Так ей мерещилось, да не так вышло.
Иногда Салиме казалось, что она переживет этот удар, иногда же он мерещился страшнее землетрясения, разрушающего дома. И тогда она прониклась уверенностью, что сегодня же скажет Масуду о намерении уехать, найдет предлог, и эта уверенность выталкивала ее ранним утром на веранду, а Масуд уже прохаживался по двору или, стоя у дувала, глядел на дорогу, как в тот раз, когда уехала пролетка, такой потерянный, что она не решалась подойти.
И вдруг сегодня, во время школьной перемены, неожиданно для себя самой сказала ему:
— Масуд, мне надо с вами поговорить. Когда у вас будет время?
— Сейчас, — ответил он.
— Сейчас… мало… десять минут всего…
Он улыбнулся, кажется впервые за эти дни:
— За десять минут в Ташкенте рождается десять детей…
— Нет, я потом скажу…
— А я сейчас вам скажу о радостной новости.
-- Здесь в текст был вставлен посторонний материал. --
(* Let $G$ be a finitely generated PA (resp. EPA) group and $\mathcal A$ a finite set. Then every $G$-process $(G,\mathcal A,\mu)$ admits a residually finite model (resp. an ergodically residually finite model).
   Context: $G$ acts on $\mathcal A^G$ by $(h.\omega)(g)=\omega(gh)$; a $G$-process $(G,\mathcal A,\mu)$ has $\mu$ a $G$-invariant Borel probability measure. A measure is periodic if it is invariant with finite support, ergodic if invariant sets have measure 0 or 1. $G$ is PA (resp. EPA) if for every finite $\mathcal A$ the periodic (resp. periodic ergodic) measures are weak* dense in the set of invariant probability measures on $\mathcal A^G$. A residually finite approximation of $G$: finite-index normal subgroups $\Gamma_n$ with $\Gamma_{n+1}\le\Gamma_n$, $\bigcap_n\Gamma_n=\{e\}$, $V_n=G/\Gamma_n$ and $\sigma_n^g(v\Gamma_n)=gv\Gamma_n$. For $\rho\in\mathcal A^{V_n}$: $\Pi^{\sigma_n}_v(\rho)=(\rho(\sigma_n^g(v)))_{g\in G}$ and $P_\rho^{\sigma_n}=\frac1{|V_n|}\sum_v\delta_{\Pi_v^{\sigma_n}(\rho)}$. A residually finite model (resp. ergodically residually finite model) for $(G,\mathcal A,\mu)$ is $(V_n,\sigma_n,\mu_n)$ with $(V_n,\sigma_n)$ a residually finite approximation, $\mu_n\in\mathrm{Prob}(\mathcal A^{V_n})$ invariant under the action of the finite group $V_n$ by $(w.\rho)(v)=\rho(vw)$, and such that for every weak* neighbourhood $\mathcal O$ of $\mu$, $|\{v:(\Pi_v^{\sigma_n})_*\mu_n\in\mathcal O\}|/|V_n|\to1$ (resp. additionally $\mu_n(\{\rho:P^{\sigma_n}_\rho\in\mathcal O\})\to1$). *)

theory Defs
  imports "HOL-Probability.Probability"
begin

text \<open>Groups are types of class group_add (the group operation is written +, neutral
  element 0; commutativity is NOT assumed).  Alphabets are finite subsets of a type
  carrying the discrete topology; A^G is the set of all functions G \<Rightarrow> A with the
  product topology (the library's topology on function spaces).\<close>

inductive_set gen_subgroup :: "'g::group_add set \<Rightarrow> 'g set" for S where
  gen_zero: "0 \<in> gen_subgroup S"
| gen_base: "s \<in> S \<Longrightarrow> s \<in> gen_subgroup S"
| gen_add: "x \<in> gen_subgroup S \<Longrightarrow> y \<in> gen_subgroup S \<Longrightarrow> x + y \<in> gen_subgroup S"
| gen_uminus: "x \<in> gen_subgroup S \<Longrightarrow> - x \<in> gen_subgroup S"

definition finitely_generated :: "'g::group_add itself \<Rightarrow> bool" where
  "finitely_generated _ \<longleftrightarrow> (\<exists>S::'g set. finite S \<and> gen_subgroup S = UNIV)"

definition config :: "'a set \<Rightarrow> ('g \<Rightarrow> 'a) set" where
  "config A = {\<omega>. \<forall>g. \<omega> g \<in> A}"

definition shift_space :: "'a::topological_space set \<Rightarrow> ('g \<Rightarrow> 'a) measure" where
  "shift_space A = restrict_space borel (config A)"

definition shift_act :: "'g::group_add \<Rightarrow> ('g \<Rightarrow> 'a) \<Rightarrow> ('g \<Rightarrow> 'a)" where
  "shift_act h \<omega> = (\<lambda>g. \<omega> (g + h))"

definition prob_on :: "'a::topological_space set \<Rightarrow> ('g \<Rightarrow> 'a) measure \<Rightarrow> bool" where
  "prob_on A \<mu> \<longleftrightarrow> prob_space \<mu> \<and> sets \<mu> = sets (shift_space A)"

definition invariant_measure ::
  "'a::topological_space set \<Rightarrow> ('g::group_add \<Rightarrow> 'a) measure \<Rightarrow> bool" where
  "invariant_measure A \<mu> \<longleftrightarrow> prob_on A \<mu> \<and>
     (\<forall>h. distr \<mu> (shift_space A) (shift_act h) = \<mu>)"

definition periodic_measure ::
  "'a::topological_space set \<Rightarrow> ('g::group_add \<Rightarrow> 'a) measure \<Rightarrow> bool" where
  "periodic_measure A \<mu> \<longleftrightarrow> invariant_measure A \<mu> \<and>
     (\<exists>S. finite S \<and> S \<in> sets \<mu> \<and> measure \<mu> S = 1)"

definition ergodic_measure ::
  "'a::topological_space set \<Rightarrow> ('g::group_add \<Rightarrow> 'a) measure \<Rightarrow> bool" where
  "ergodic_measure A \<mu> \<longleftrightarrow> invariant_measure A \<mu> \<and>
     (\<forall>X\<in>sets \<mu>. (\<forall>h. shift_act h ` X = X) \<longrightarrow> measure \<mu> X = 0 \<or> measure \<mu> X = 1)"

definition cont_funs :: "'a::topological_space set \<Rightarrow> (('g \<Rightarrow> 'a) \<Rightarrow> real) set" where
  "cont_funs A = {f. continuous_on (config A) f}"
Сегодня звонили Исаку-аксакалу из района. К нам едут еще два учителя. Они окончили Ферганское педучилище. И — к нам!
— Талибджан помог?
— Вероятно.
— Поздравляю вас.
— А я вас.
«И меня, — подумала Салима. — Они приедут сюда, а я…»
— Вот видите, — говорил Масуд, — о каких важных вещах узнали, а пяти минут не прошло. Что у вас, Салимахон? Больше всего не терплю, когда человек тянет: «А ну, угадай, чего я желаю?» Говорите сразу, Салимахон, может, я и помогу. Честное слово, помогу, если сумею. Я постараюсь. Спрашивайте.
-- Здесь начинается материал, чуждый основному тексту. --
text \<open>Uniqueness: on an eigenvector \<open>w\<close> of \<open>B - C\<close> with eigenvalue \<open>\<mu>\<close>,
  \<open>0 = \<langle>(B - C) w, (B + C) w\<rangle> = \<mu> (\<langle>w, B w\<rangle> + \<langle>w, C w\<rangle>)\<close>, a sum of nonnegative terms.\<close>
lemma psd_sqrt_unique:
  fixes B C :: "complex^'d::finite^'d"
  assumes B: "psd B" and C: "psd C" and eq: "B ** B = C ** C"
  shows "B = C"
proof -
  have "hermitian (B - C)"
    using B C by (simp add: psd_def hermitian_def cadj_diff)
  then obtain v mu where v: "orthonormal UNIV v" "\<And>k. (B - C) *v v k = of_real (mu k) *s v k"
    using hermitian_spectral by blast
  have "(B - C) *v v k = 0 *v v k" for k
  proof (cases "mu k = 0")
    case False
    define w b c where "w = v k" and "b = B *v w" and "c = C *v w"
    have bc: "b - c = of_real (mu k) *s w"
      using v(2)[of k] by (simp add: b_def c_def w_def matrix_vector_mult_diff_rdistrib)
    have "cinner b b = cinner c c"
      using hermitian_cinner[OF psd_hermitian[OF B], of w b]
        hermitian_cinner[OF psd_hermitian[OF C], of w c] eq
      by (simp add: b_def c_def matrix_vector_mul_assoc)
    moreover have "Re (cinner c b) = Re (cinner b c)"
      using cnj_cinner[of b c] by (metis cnj.sel(1))
    ultimately have "Re (cinner (b - c) (b + c)) = 0"
      by (simp add: cinner_diff_left cinner_add_right)
    then have "mu k * (Re (cinner w b) + Re (cinner w c)) = 0"
      by (simp add: bc cinner_scale_left cinner_add_right ring_distribs)
    moreover have "Re (cinner w b) \<ge> 0" "Re (cinner w c) \<ge> 0"
      using psd_cinner_nonneg[OF B] psd_cinner_nonneg[OF C] by (auto simp: b_def c_def)
    ultimately have "Re (cinner w b) = 0" "Re (cinner w c) = 0"
      using False by (auto simp: add_nonneg_eq_0_iff)
    then have "b = 0" "c = 0"
      using psd_cinner_eq_0_imp_eq_0[OF B] psd_cinner_eq_0_imp_eq_0[OF C] by (auto simp: b_def c_def)
    then have "of_real (mu k) * cinner w w = 0"
      by (metis bc cinner_scale_right cinner_zero_right diff_self)
    then show ?thesis using False orthonormal_cinner_self[OF v(1)] by (simp add: w_def)
  qed (use v(2) in simp)
  then have "B - C = 0" by (intro matrix_eq_on_orthonormal[OF v(1)]) simp
  then show ?thesis by simp
qed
— Я хочу узнать, можно ли… Разве можно полюбить дочь бая?
Не так она хотела об этом… с ним… совсем не так. Под другим, каким-нибудь другим предлогом хотела попросить отпустить ее из Ходжикента. Но вот… Как он изменился в лице! Какая тень на него нашла. Как тихо ответил:
— Дочери баев разные бывают. Одна как Замира, дочь Кабула-мельника. А другая… Почему родной брат Шерходжа пытался убить Дильдор? Почему? Мы — молодые люди — должны, наверно, смотреть на жизнь справедливей тех стариков, которые твердят: «Ты — дочь бая! Ты — сын бая!» И больше ничего видеть не хотят и слышать, закрывают глаза, затыкают уши. Как вы думаете?
Как? Если бы это не касалось ее, она ответила бы так же. Да, так же. Но не так-то это все легко и просто. О, до чего вся жизнь, оказывается, непроста! Сколько ночей она пролежала с открытыми глазами, без сна, а не могла остановить этого мученья, не могла ответить себе на вопрос: что делать?